Ia menegaskan langkah memberikan satu alokasi disiplin untuk tuan rumah harus dilakukan IFSC untuk memberi kesempatan bagi semua negara terlibat menyelenggarakan World Cup. Hal ini dilakukan sebagai langkah sosialisasi agar sport climbing lebih dikenal di seluruh benua.
“Kami butuh lebih mengenalkan sport climbing ke semua kontinental. Pembinaan sport climbing di Eropa sudah terbentuk, disusul Asia. Oseania, Afrika, dan Amerika masih terlalu sedikit,” tutur Marco.
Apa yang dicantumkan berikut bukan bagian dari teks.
definition rothe_f :: "(real \<Rightarrow> 'd::{banach,second_countable_topology}) \<Rightarrow> real \<Rightarrow> nat \<Rightarrow> 'd" where
  "rothe_f f \<tau> n =
     (if n = 1 then (1 / \<tau>) *\<^sub>R set_lebesgue_integral lborel {0..\<tau>} f
      else (3 / (2 * \<tau>)) *\<^sub>R set_lebesgue_integral lborel {(real n - 1) * \<tau> .. real n * \<tau>} f
         - (1 / (2 * \<tau>)) *\<^sub>R set_lebesgue_integral lborel {(real n - 2) * \<tau> .. (real n - 1) * \<tau>} f)"

text \<open>Problem P_tau, with the V*-valued equations written out by pairing with every test v.\<close>
definition rothe_solution ::
  "('d::{banach,second_countable_topology} \<Rightarrow> 'v::real_normed_vector \<Rightarrow> real) \<Rightarrow> ('v \<Rightarrow> 'h::real_inner) \<Rightarrow>
   ('v \<Rightarrow> 'd) \<Rightarrow> ('u::real_normed_vector \<Rightarrow> real) \<Rightarrow> ('v \<Rightarrow> 'u) \<Rightarrow> (real \<Rightarrow> 'd) \<Rightarrow> real \<Rightarrow> nat \<Rightarrow>
   (nat \<Rightarrow> 'v) \<Rightarrow> (nat \<Rightarrow> ('u \<Rightarrow>\<^sub>L real)) \<Rightarrow> bool" where
  "rothe_solution dp jV A J \<iota> f T N u \<xi> \<longleftrightarrow>
     (let \<tau> = T / real N in
      (\<forall>v. inner (jV ((1 / \<tau>) *\<^sub>R (u 1 - u 0))) (jV v) + dp (A (u 1)) v
            + blinfun_apply (\<xi> 1) (\<iota> v) = dp (rothe_f f \<tau> 1) v) \<and>
      \<xi> 1 \<in> clarke_subdiff J (\<iota> (u 1)) \<and>
      (\<forall>n\<in>{2..N}.
        (\<forall>v. inner (jV ((1 / \<tau>) *\<^sub>R ((3/2) *\<^sub>R u n - 2 *\<^sub>R u (n - 1) + (1/2) *\<^sub>R u (n - 2)))) (jV v)
              + dp (A (u n)) v + blinfun_apply (\<xi> n) (\<iota> v) = dp (rothe_f f \<tau> n) v) \<and>
        \<xi> n \<in> clarke_subdiff J (\<iota> (u n))))"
“Ini perlu kami lakukan agar lebih banyak yang terlibat. Olimpiade 2020 Tokyo, sport climbing mempertandingkan dua nomor kombinasi (speed, lead, bouldering) putra dan putri. Olimpiade Paris 2024 akan mempertandingkan empat nomor, speed serta kombinasi lead dan boldering. Kami sudah masuk sport program Olimpiade Los Angeles 2028 dan kini target kami adalah dipertandingkannya enam nomor, yaitu speed, lead, dan bouldering,” paparnya.
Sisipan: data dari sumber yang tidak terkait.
(* Let $H\in\mathbb{R}^{n\times n}$ be a $\mu$-incoherent symmetric positive semi-definite matrix, and let $H=(\grave U+I)D(\grave U+I)^T$ be its LDL decomposition, with $\grave U$ strictly upper triangular and $D$ diagonal with nonnegative entries. Then $$\operatorname{tr}(D)\le\frac{\mu^2}{n}\operatorname{tr}(H^{1/2})^2.$$
   Context: A symmetric matrix $H\in\mathbb{R}^{n\times n}$ is $\mu$-incoherent if it has an eigendecomposition $H=Q\Lambda Q^T$ ($Q$ orthogonal, $\Lambda$ diagonal) such that $|Q_{ij}|\le\mu/\sqrt{n}$ for all $i,j$. $H^{1/2}$ denotes the positive semi-definite square root. *)

theory Defs
  imports "Jordan_Normal_Form.Matrix"
begin

definition mtrace :: "real mat \<Rightarrow> real" where
  "mtrace A = (\<Sum>i<dim_row A. A $$ (i,i))"

definition symmetric_mat :: "real mat \<Rightarrow> bool" where
  "symmetric_mat A \<longleftrightarrow> transpose_mat A = A"

definition psd_mat :: "nat \<Rightarrow> real mat \<Rightarrow> bool" where
  "psd_mat n A \<longleftrightarrow> A \<in> carrier_mat n n \<and> symmetric_mat A \<and>
     (\<forall>x \<in> carrier_vec n. 0 \<le> x \<bullet> (A *\<^sub>v x))"

definition orthogonal_real_mat :: "nat \<Rightarrow> real mat \<Rightarrow> bool" where
  "orthogonal_real_mat n Q \<longleftrightarrow> Q \<in> carrier_mat n n \<and> transpose_mat Q * Q = 1\<^sub>m n"

definition incoherent :: "nat \<Rightarrow> real \<Rightarrow> real mat \<Rightarrow> bool" where
  "incoherent n \<mu> H \<longleftrightarrow> symmetric_mat H \<and>
     (\<exists>Q \<Lambda>. orthogonal_real_mat n Q \<and> \<Lambda> \<in> carrier_mat n n \<and> diagonal_mat \<Lambda> \<and>
        H = Q * \<Lambda> * transpose_mat Q \<and>
        (\<forall>i<n. \<forall>j<n. \<bar>Q $$ (i,j)\<bar> \<le> \<mu> / sqrt (real n)))"

definition psd_sqrt :: "nat \<Rightarrow> real mat \<Rightarrow> real mat" where
  "psd_sqrt n H = (THE S. psd_mat n S \<and> S * S = H)"

definition strictly_upper_triangular :: "real mat \<Rightarrow> bool" where
  "strictly_upper_triangular U \<longleftrightarrow>
     (\<forall>i<dim_row U. \<forall>j<dim_col U. j \<le> i \<longrightarrow> U $$ (i,j) = 0)"

end

theory Submission
  imports Defs "Jordan_Normal_Form.Determinant"
begin

text \<open>Write \<open>H = Q \<Lambda> Q\<^sup>T\<close> and let \<open>V\<close> be the inverse of the unit upper triangular factor
  \<open>L = U + I\<close>. For \<open>R = V Q\<close> one gets \<open>R \<Lambda> R\<^sup>T = D\<close>, so the rows of \<open>R \<Lambda>\<^sup>1\<^sup>/\<^sup>2\<close> are
  orthogonal with squared norms \<open>d\<^sub>k\<close>, and \<open>R \<Lambda> Q\<^sup>T = V H = D L\<^sup>T\<close>, whose diagonal gives
  \<open>d\<^sub>k = \<Sum>\<^sub>j R\<^sub>k\<^sub>j \<lambda>\<^sub>j Q\<^sub>k\<^sub>j\<close>. Bounding \<open>|Q\<^sub>k\<^sub>j| \<le> \<mu>/\<surd>n\<close> and applying Cauchy-Schwarz
  with weights \<open>\<surd>\<lambda>\<^sub>j\<close> bounds \<open>d\<^sub>k\<^sup>2\<close> by \<open>\<mu>\<^sup>2/n \<Sum>\<^sub>j \<surd>\<lambda>\<^sub>j \<Sum>\<^sub>j \<surd>\<lambda>\<^sub>j \<lambda>\<^sub>j R\<^sub>k\<^sub>j\<^sup>2\<close>.
  Dividing by \<open>d\<^sub>k\<close>, summing over \<open>k\<close> and using Bessel's inequality
  \<open>\<lambda>\<^sub>j \<Sum>\<^sub>k R\<^sub>k\<^sub>j\<^sup>2 / d\<^sub>k \<le> 1\<close> gives \<open>tr D \<le> \<mu>\<^sup>2/n (\<Sum>\<^sub>j \<surd>\<lambda>\<^sub>j)\<^sup>2\<close>. Finally
  \<open>H\<^sup>1\<^sup>/\<^sup>2 = Q \<Lambda>\<^sup>1\<^sup>/\<^sup>2 Q\<^sup>T\<close> by uniqueness of the positive semi-definite square root, so
  \<open>tr H\<^sup>1\<^sup>/\<^sup>2 = \<Sum>\<^sub>j \<surd>\<lambda>\<^sub>j\<close>.\<close>

lemma mult_mat_entry_sum:
  fixes A B :: "'a :: comm_semiring_0 mat"
  assumes "A \<in> carrier_mat n m" "B \<in> carrier_mat m k" "i < n" "j < k"
  shows "(A * B) $$ (i,j) = (\<Sum>l<m. A $$ (i,l) * B $$ (l,j))"
  using assms by (simp add: scalar_prod_def lessThan_atLeast0)

lemma mult_diagonal_mat_entry:
  fixes A B :: "'a :: comm_semiring_1 mat"
  assumes "A \<in> carrier_mat n m" "B \<in> carrier_mat m m" "diagonal_mat B" "i < n" "j < m"
  shows "(A * B) $$ (i,j) = A $$ (i,j) * B $$ (j,j)"
proof -
  have "(A * B) $$ (i,j) = (\<Sum>l<m. A $$ (i,l) * B $$ (l,j))"
    using assms by (intro mult_mat_entry_sum)
  also have "\<dots> = (\<Sum>l<m. if l = j then A $$ (i,l) * B $$ (l,j) else 0)"
    using assms unfolding diagonal_mat_def by (intro sum.cong) auto
  finally show ?thesis using assms(5) by simp
qed

lemma diagonal_mat_mult_entry:
  fixes A B :: "'a :: comm_semiring_1 mat"
  assumes "A \<in> carrier_mat n n" "B \<in> carrier_mat n m" "diagonal_mat A" "i < n" "j < m"
  shows "(A * B) $$ (i,j) = A $$ (i,i) * B $$ (i,j)"
proof -
  have "(A * B) $$ (i,j) = (\<Sum>l<n. A $$ (i,l) * B $$ (l,j))"
    using assms by (intro mult_mat_entry_sum)
  also have "\<dots> = (\<Sum>l<n. if l = i then A $$ (i,l) * B $$ (l,j) else 0)"
    using assms unfolding diagonal_mat_def by (intro sum.cong) auto
  finally show ?thesis using assms(4) by simp
qed

lemma mult_diagonal_mult_entry_sum:
  fixes A B C :: "'a :: comm_semiring_1 mat"
  assumes "A \<in> carrier_mat n m" "B \<in> carrier_mat m m" "C \<in> carrier_mat m k" "diagonal_mat B"
    and "i < n" "j < k"
  shows "(A * B * C) $$ (i,j) = (\<Sum>l<m. A $$ (i,l) * B $$ (l,l) * C $$ (l,j))"
proof -
  have "(A * B * C) $$ (i,j) = (\<Sum>l<m. (A * B) $$ (i,l) * C $$ (l,j))"
    using assms by (intro mult_mat_entry_sum[of _ n m]) auto
  also have "\<dots> = (\<Sum>l<m. A $$ (i,l) * B $$ (l,l) * C $$ (l,j))"
    using assms by (intro sum.cong refl arg_cong2[where f = "(*)"] mult_diagonal_mat_entry) auto
  finally show ?thesis .
qed

lemma scalar_prod_mult_mat_vec_sum:
  fixes A :: "'a :: comm_semiring_0 mat"
  assumes "A \<in> carrier_mat n n" "x \<in> carrier_vec n"
  shows "x \<bullet> (A *\<^sub>v x) = (\<Sum>i<n. x $ i * (\<Sum>j<n. A $$ (i,j) * x $ j))"
  using assms by (simp add: scalar_prod_def lessThan_atLeast0)

lemma mult_left_inverse_cancel:
  fixes V L X :: "'a :: semiring_1 mat"
  assumes "V \<in> carrier_mat n m" "L \<in> carrier_mat m n" "X \<in> carrier_mat n k" "V * L = 1\<^sub>m n"
  shows "V * (L * X) = X"
  using assms by (simp flip: assoc_mult_mat[of V n m L n X])

lemma orthogonal_real_mat_mult_transpose:
  assumes "orthogonal_real_mat n Q"
  shows "Q * transpose_mat Q = 1\<^sub>m n"
  using assms unfolding orthogonal_real_mat_def
  by (intro mat_mult_left_right_inverse[of "transpose_mat Q" n Q]) auto

lemma mtrace_mult_comm:
  fixes A B :: "real mat"
  assumes A: "A \<in> carrier_mat n m" and B: "B \<in> carrier_mat m n"
  shows "mtrace (A * B) = mtrace (B * A)"
proof -
  have "mtrace (A * B) = (\<Sum>i<n. \<Sum>l<m. A $$ (i,l) * B $$ (l,i))"
    using A B unfolding mtrace_def by (intro sum.cong refl mult_mat_entry_sum[OF A B]) auto
  also have "\<dots> = (\<Sum>l<m. \<Sum>i<n. B $$ (l,i) * A $$ (i,l))"
    by (subst sum.swap) (simp add: mult.commute)
  also have "\<dots> = mtrace (B * A)"
    using A B unfolding mtrace_def by (intro sum.cong refl mult_mat_entry_sum[OF B A, symmetric]) auto
  finally show ?thesis .
qed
Okto mengapresiasi langkah IFSC untuk menyosialisasikan sport climbing. Apalagi, permintaan agar Indonesia tetap menjadi tuan rumah World Cup langsung disanggupi oleh Marco. Sebagai informasi, World Cup 2023 Series Jakarta rencananya akan menjadi tur ketiga dan akan diselenggarakan pada 6-7 Mei.
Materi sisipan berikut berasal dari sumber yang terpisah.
(* For every formula $\varphi$ of $\mathcal L^{\bigcirc}_\square$: $\varphi$ is derivable in $\mathbf{GLC}$ if and only if $\varphi$ is valid, with respect to the $d$-semantics, on every dynamic topological system $\langle X,\tau,f\rangle$ with $X$ finite and $\langle X,\tau\rangle$ scattered.
   Context: Fix a non-empty set $\mathsf{PV}$ of propositional variables. The language $\mathcal L^{\bigcirc}_\square$ is given by $\varphi::= p\mid \varphi\wedge\varphi\mid\neg\varphi\mid\square\varphi\mid\bigcirc\varphi$ with $p\in\mathsf{PV}$. Axioms and rules: Taut; K: $\square(\varphi\to\psi)\to(\square\varphi\to\square\psi)$; 4: $\square\varphi\to\square\square\varphi$; L: $\square(\square\varphi\to\varphi)\to\square\varphi$; ${\rm Next}_\neg$: $\neg\bigcirc\varphi\leftrightarrow\bigcirc\neg\varphi$; ${\rm Next}_\wedge$: $\bigcirc(\varphi\wedge\psi)\leftrightarrow\bigcirc\varphi\wedge\bigcirc\psi$; C: $\bigcirc\varphi\wedge\bigcirc\square\varphi\to\square\bigcirc\varphi$; rules modus ponens, ${\rm Nec}_\square$, ${\rm Nec}_\bigcirc$. $\mathbf{GLC}$ is axiomatised by Taut, K, 4, L, ${\rm Next}_\neg$, ${\rm Next}_\wedge$, C and closed under these rules. A dynamic topological system (DTS) is $\langle X,\tau,f\rangle$ with $f\colon X\to X$ continuous. The Cantor derivative $d(A)$ of $A\subseteq X$ is the set of $x$ in the closure of $A\setminus\{x\}$. A space is scattered if for every $S\subseteq X$, $S\subseteq d(S)$ implies $S=\varnothing$. Under a valuation $\nu\colon\mathsf{PV}\to\wp(X)$: $\|p\|=\nu(p)$, $\|\neg\varphi\|=X\setminus\|\varphi\|$, $\|\varphi\wedge\psi\|=\|\varphi\|\cap\|\psi\|$, $\|\square\varphi\|=X\setminus d(\|\neg\varphi\|)$, $\|\bigcirc\varphi\|=f^{-1}(\|\varphi\|)$. Valid on a DTS means truth set $X$ under every valuation. *)

theory Defs
  imports "HOL-Analysis.Analysis"
begin

datatype 'p form =
    Var 'p
  | And "'p form" "'p form"
  | Neg "'p form"
  | Box "'p form"
  | Nxt "'p form"

definition Imp :: "'p form \<Rightarrow> 'p form \<Rightarrow> 'p form" where
  "Imp a b = Neg (And a (Neg b))"

definition Iff :: "'p form \<Rightarrow> 'p form \<Rightarrow> 'p form" where
  "Iff a b = And (Imp a b) (Imp b a)"

fun tval :: "('p form \<Rightarrow> bool) \<Rightarrow> 'p form \<Rightarrow> bool" where
  "tval v (Var p) = v (Var p)"
| "tval v (And a b) = (tval v a \<and> tval v b)"
| "tval v (Neg a) = (\<not> tval v a)"
| "tval v (Box a) = v (Box a)"
| "tval v (Nxt a) = v (Nxt a)"

definition taut :: "'p form \<Rightarrow> bool" where
  "taut \<phi> \<longleftrightarrow> (\<forall>v. tval v \<phi>)"

inductive GLC :: "'p form \<Rightarrow> bool" where
  Taut: "taut \<phi> \<Longrightarrow> GLC \<phi>"
| K: "GLC (Imp (Box (Imp \<phi> \<psi>)) (Imp (Box \<phi>) (Box \<psi>)))"
| Four: "GLC (Imp (Box \<phi>) (Box (Box \<phi>)))"
| L: "GLC (Imp (Box (Imp (Box \<phi>) \<phi>)) (Box \<phi>))"
| Next_neg: "GLC (Iff (Neg (Nxt \<phi>)) (Nxt (Neg \<phi>)))"
| Next_and: "GLC (Iff (Nxt (And \<phi> \<psi>)) (And (Nxt \<phi>) (Nxt \<psi>)))"
| C: "GLC (Imp (And (Nxt \<phi>) (Nxt (Box \<phi>))) (Box (Nxt \<phi>)))"
| MP: "GLC (Imp \<phi> \<psi>) \<Longrightarrow> GLC \<phi> \<Longrightarrow> GLC \<psi>"
| Nec_box: "GLC \<phi> \<Longrightarrow> GLC (Box \<phi>)"
| Nec_next: "GLC \<phi> \<Longrightarrow> GLC (Nxt \<phi>)"

definition DTS :: "'a topology \<Rightarrow> ('a \<Rightarrow> 'a) \<Rightarrow> bool" where
  "DTS T f \<longleftrightarrow> continuous_map T T f"

definition scattered :: "'a topology \<Rightarrow> bool" where
  "scattered T \<longleftrightarrow> (\<forall>S. S \<subseteq> topspace T \<longrightarrow> S \<subseteq> T derived_set_of S \<longrightarrow> S = {})"

fun sem :: "'a topology \<Rightarrow> ('a \<Rightarrow> 'a) \<Rightarrow> ('p \<Rightarrow> 'a set) \<Rightarrow> 'p form \<Rightarrow> 'a set" where
  "sem T f \<nu> (Var p) = \<nu> p"
| "sem T f \<nu> (And a b) = sem T f \<nu> a \<inter> sem T f \<nu> b"
| "sem T f \<nu> (Neg a) = topspace T - sem T f \<nu> a"
| "sem T f \<nu> (Box a) = topspace T - T derived_set_of (topspace T - sem T f \<nu> a)"
| "sem T f \<nu> (Nxt a) = {x \<in> topspace T. f x \<in> sem T f \<nu> a}"

definition valid_on :: "'a topology \<Rightarrow> ('a \<Rightarrow> 'a) \<Rightarrow> 'p form \<Rightarrow> bool" where
  "valid_on T f \<phi> \<longleftrightarrow>
     (\<forall>\<nu>. (\<forall>p. \<nu> p \<subseteq> topspace T) \<longrightarrow> sem T f \<nu> \<phi> = topspace T)"

end

theory Submission
  imports Defs
begin

text \<open>
  Soundness: in a finite space, \<open>x\<close> is in the derived set of \<open>A\<close> iff \<open>x\<close> lies in the closure
  of some \<open>y \<in> A\<close> different from \<open>x\<close>. So a finite scattered system is a finite frame with an
  irreflexive transitive relation \<open>R\<close>, read by Box as ``all \<open>R\<close>-successors'', and continuity of
  \<open>f\<close> says that \<open>R x y\<close> implies \<open>f x = f y\<close> or \<open>R (f x) (f y)\<close>. Finiteness and
  irreflexivity validate Loeb's axiom, the condition on \<open>f\<close> validates C.

  Completeness: a non-theorem \<open>\<phi>\<close> is refuted in a finite frame of this kind. A world is a time
  \<open>k\<close>, bounded by the Nxt-depth of \<open>\<phi>\<close>, with a chain of maximal consistent sets (atoms) over
  the closure of \<open>\<phi>\<close> relevant at time \<open>k\<close>, consecutive atoms being linked by Dia. A world
  sees its proper extensions, and \<open>f\<close> replaces every atom by the set of formulas whose Nxt it
  contains; by axiom C this yields a chain again after deleting adjacent repetitions. Box-witnesses
  come from Loeb's axiom and strictly enlarge the boxed part of the last atom, which keeps chains
  short and the frame finite. The frame is then copied onto \<open>nat\<close> and given the topology of
  up-sets.
\<close>

definition Top :: "'p form" where
  "Top = Imp (Var undefined) (Var undefined)"

definition Dia :: "'p form \<Rightarrow> 'p form" where
  "Dia a = Neg (Box (Neg a))"

lemma tval_Imp [simp]: "tval v (Imp a b) \<longleftrightarrow> (tval v a \<longrightarrow> tval v b)"
  by (simp add: Imp_def)

lemma tval_Iff [simp]: "tval v (Iff a b) \<longleftrightarrow> (tval v a \<longleftrightarrow> tval v b)"
  by (auto simp add: Iff_def)

lemma tval_Top [simp]: "tval v Top"
  by (simp add: Top_def)

lemma GLC_tautI: "(\<And>v. tval v a) \<Longrightarrow> GLC a"
  by (rule GLC.Taut) (simp add: taut_def)

lemma GLC_taut_consequence: "GLC a \<Longrightarrow> (\<And>v. tval v a \<Longrightarrow> tval v b) \<Longrightarrow> GLC b"
  by (rule GLC.MP[of a]) (auto intro: GLC_tautI)

lemma GLC_taut_consequence2:
  assumes "GLC a" "GLC b" "\<And>v. tval v a \<Longrightarrow> tval v b \<Longrightarrow> tval v c"
  shows "GLC c"
proof -
  have "GLC (Imp a (Imp b c))" by (rule GLC_tautI) (simp add: assms(3))
  then show ?thesis using assms(1,2) GLC.MP by blast
qed

lemma GLC_taut_consequence3:
  assumes "GLC a" "GLC b" "GLC c" "\<And>v. tval v a \<Longrightarrow> tval v b \<Longrightarrow> tval v c \<Longrightarrow> tval v d"
  shows "GLC d"
proof -
  have "GLC (And a b)" using assms(1,2) by (rule GLC_taut_consequence2) simp
  then show ?thesis using assms(3) by (rule GLC_taut_consequence2) (auto intro: assms(4))
qed

lemma GLC_Box_mono: "GLC (Imp a b) \<Longrightarrow> GLC (Imp (Box a) (Box b))"
  using GLC.MP[OF GLC.K GLC.Nec_box] by blast

lemma GLC_Box_And: "GLC (Imp (And (Box a) (Box b)) (Box (And a b)))"
proof -
  have "GLC (Imp (Box a) (Box (Imp b (And a b))))" by (rule GLC_Box_mono, rule GLC_tautI) simp
  then show ?thesis using GLC.K by (rule GLC_taut_consequence2) auto
qed

lemma GLC_Nxt_Neg_out: "GLC (Imp (Nxt (Neg a)) (Neg (Nxt a)))"
  using GLC.Next_neg[of a] by (rule GLC_taut_consequence) auto

lemma GLC_Nxt_Neg_in: "GLC (Imp (Neg (Nxt a)) (Nxt (Neg a)))"
  using GLC.Next_neg[of a] by (rule GLC_taut_consequence) auto

lemma GLC_Nxt_And_in: "GLC (Imp (And (Nxt a) (Nxt b)) (Nxt (And a b)))"
  using GLC.Next_and[of a b] by (rule GLC_taut_consequence) auto

lemma GLC_Nxt_mono:
  assumes "GLC (Imp a b)"
  shows "GLC (Imp (Nxt a) (Nxt b))"
proof -
  have "GLC (Nxt (Neg (And a (Neg b))))" using GLC.Nec_next[OF assms] by (simp add: Imp_def)
  then have "GLC (Neg (Nxt (And a (Neg b))))" using GLC_Nxt_Neg_out by (rule GLC_taut_consequence2) auto
  then show ?thesis using GLC_Nxt_And_in[of a "Neg b"] GLC_Nxt_Neg_in[of b] by (rule GLC_taut_consequence3) auto
qed

definition consistent :: "'p form \<Rightarrow> bool" where
  "consistent a \<longleftrightarrow> \<not> GLC (Neg a)"

lemma consistent_mono: "GLC (Imp a b) \<Longrightarrow> consistent a \<Longrightarrow> consistent b"
  unfolding consistent_def using GLC_taut_consequence2 by fastforce

lemma consistent_conjunct: "consistent (And a b) \<Longrightarrow> consistent b"
  by (erule consistent_mono[rotated]) (rule GLC_tautI, simp)

lemma consistent_imp_satisfiable: "consistent a \<Longrightarrow> \<exists>v. tval v a"
  unfolding consistent_def using GLC_tautI[of "Neg a"] by auto

lemma consistent_split: "consistent a \<Longrightarrow> consistent (And a \<theta>) \<or> consistent (And a (Neg \<theta>))"
  unfolding consistent_def using GLC_taut_consequence2 by fastforce

lemma consistent_Nxt: "consistent (Nxt a) \<Longrightarrow> consistent a"
  unfolding consistent_def using GLC.Nec_next GLC_Nxt_Neg_out GLC.MP by blast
“Terkait Climbing World Cup 2022, saya pribadi bangga karena FPTI bisa menyelenggarakannya. Apalagi sebagai pengalaman pertama. First experience itu pasti sulit dilupakan, tapi gak pernah sempurna. Dari situ bisa belajar, diperbaiki lagi di semua lini bisa baik lagi dari terbaik karena kini kita sudah pasti diberikan kepercayaan lagi untuk tahun depan,” ujar Okto.
“Dengan banyaknya sport climbing di Indonesia dan kualitas atlet yang kita miliki, saya optimistis Indonesia bisa mendapat medali emas di Olimpiade Paris. Saya suka semangat Marco yang ingin mendorong agar sport climbing ini bisa merata, tak sekadar didominasi satu benua saja.”tandasnya.